• [Activity] Restate word for word each line of the data, starting at the one containing "using j by (intro sum.cong) auto" and running through the last.

(Collected data entries)
= = = = =

lemma N_scaleR: "N (scaleR r x) = \<bar>r\<bar> * N x"
  using N_sc[of "of_real r" x] by (simp add: sc_of_real)

lemma N_zero [simp]: "N 0 = 0"
  using N_scaleR[of 0 0] by simp

lemma N_nonneg: "0 \<le> N x"
  using N_triangle[of x "-x"] N_scaleR[of "-1" x] by simp

lemma N_tendsto:
  assumes "f \<longlonglongrightarrow> L"
  shows "(\<lambda>n. N (f n)) \<longlonglongrightarrow> N L"
proof -
  obtain C where C: "\<And>x. N x \<le> C * norm x" using N_bounds by metis
  have bound: "norm (N y - N L) \<le> C * norm (y - L)" for y
  proof -
    have "N y \<le> N (y - L) + N L" "N L \<le> N (L - y) + N y"
      using N_triangle[of "y - L" L] N_triangle[of "L - y" y] by simp_all
    moreover have "N (L - y) = N (y - L)" using N_scaleR[of "-1" "y - L"] by simp
    ultimately show ?thesis using C[of "y - L"] by (simp add: abs_le_iff)
  qed
  have "(\<lambda>n. f n - L) \<longlonglongrightarrow> 0" using assms by (simp add: LIM_zero)
  then have "(\<lambda>n. C * norm (f n - L)) \<longlonglongrightarrow> 0"
    using tendsto_mult_right_zero tendsto_norm_zero by blast
  then have "(\<lambda>n. N (f n) - N L) \<longlonglongrightarrow> 0"
    by (rule Lim_null_comparison[OF always_eventually, rotated]) (use bound in blast)
  then show ?thesis by (simp add: LIM_zero_iff)
qed

lemma N_le_add_if_le_add_scaled:
  assumes "0 < \<epsilon>" "\<epsilon> \<le> 1" "N u \<le> N (u + scaleR \<epsilon> v)"
  shows "N u \<le> N (u + v)"
proof -
  have "u + scaleR \<epsilon> v = scaleR (1 - \<epsilon>) u + scaleR \<epsilon> (u + v)"
    by (simp add: algebra_simps)
  then have "N u \<le> N (scaleR (1 - \<epsilon>) u + scaleR \<epsilon> (u + v))"
    using assms(3) by simp
  also have "\<dots> \<le> N (scaleR (1 - \<epsilon>) u) + N (scaleR \<epsilon> (u + v))"
    by (rule N_triangle)
  also have "\<dots> = (1 - \<epsilon>) * N u + \<epsilon> * N (u + v)"
    using assms(1,2) by (simp add: N_scaleR)
  finally have "\<epsilon> * N u \<le> \<epsilon> * N (u + v)"
    by (simp add: algebra_simps)
  then show ?thesis using assms(1) by simp
qed

section \<open>One-quasi-greedy bases are unconditional\<close>

context
  assumes quasi_greedy: "one_quasi_greedy sc e N"
begin

lemma qg_N_le_add_small:
  assumes F: "finite F" and j: "j \<notin> F" and small: "\<And>i. i \<in> F \<Longrightarrow> norm t \<le> norm (c i)"
  shows "N (\<Sum>i\<in>F. sc (c i) (e i)) \<le> N ((\<Sum>i\<in>F. sc (c i) (e i)) + sc t (e j))"
proof -
  define v where "v = (\<Sum>i\<in>F. sc (c i) (e i)) + sc t (e j)"
  have "(\<Sum>i\<in>F. sc ((c(j := t)) i) (e i)) = (\<Sum>i\<in>F. sc (c i) (e i))"
    using j by (intro sum.cong) auto
  then have "v = (\<Sum>i\<in>insert j F. sc ((c(j := t)) i) (e i))"
    using F j by (simp add: v_def add.commute)
  then have coord_v: "coord sc e l v = (if l \<in> insert j F then (c(j := t)) l else 0)" for l
    using F by (simp add: coord_finite_sum)
  have "greedy_set sc e v (card F) F"
    unfolding greedy_set_def using F j small by (auto simp: coord_v)
  then have "N (greedy_sum sc e v F) \<le> N v"
    using quasi_greedy unfolding one_quasi_greedy_def by blast
  moreover have "greedy_sum sc e v F = (\<Sum>i\<in>F. sc (c i) (e i))"
    unfolding greedy_sum_def using j by (intro sum.cong) (auto simp: coord_v)
  ultimately show ?thesis by (simp add: v_def)
qed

= = = = =

• [Solution]
    using j by (intro sum.cong) auto
  then have "v = (\<Sum>i\<in>insert j F. sc ((c(j := t)) i) (e i))"
    using F j by (simp add: v_def add.commute)
  then have coord_v: "coord sc e l v = (if l \<in> insert j F then (c(j := t)) l else 0)" for l
    using F by (simp add: coord_finite_sum)
  have "greedy_set sc e v (card F) F"
    unfolding greedy_set_def using F j small by (auto simp: coord_v)
  then have "N (greedy_sum sc e v F) \<le> N v"
    using quasi_greedy unfolding one_quasi_greedy_def by blast
  moreover have "greedy_sum sc e v F = (\<Sum>i\<in>F. sc (c i) (e i))"
    unfolding greedy_sum_def using j by (intro sum.cong) (auto simp: coord_v)
  ultimately show ?thesis by (simp add: v_def)
qed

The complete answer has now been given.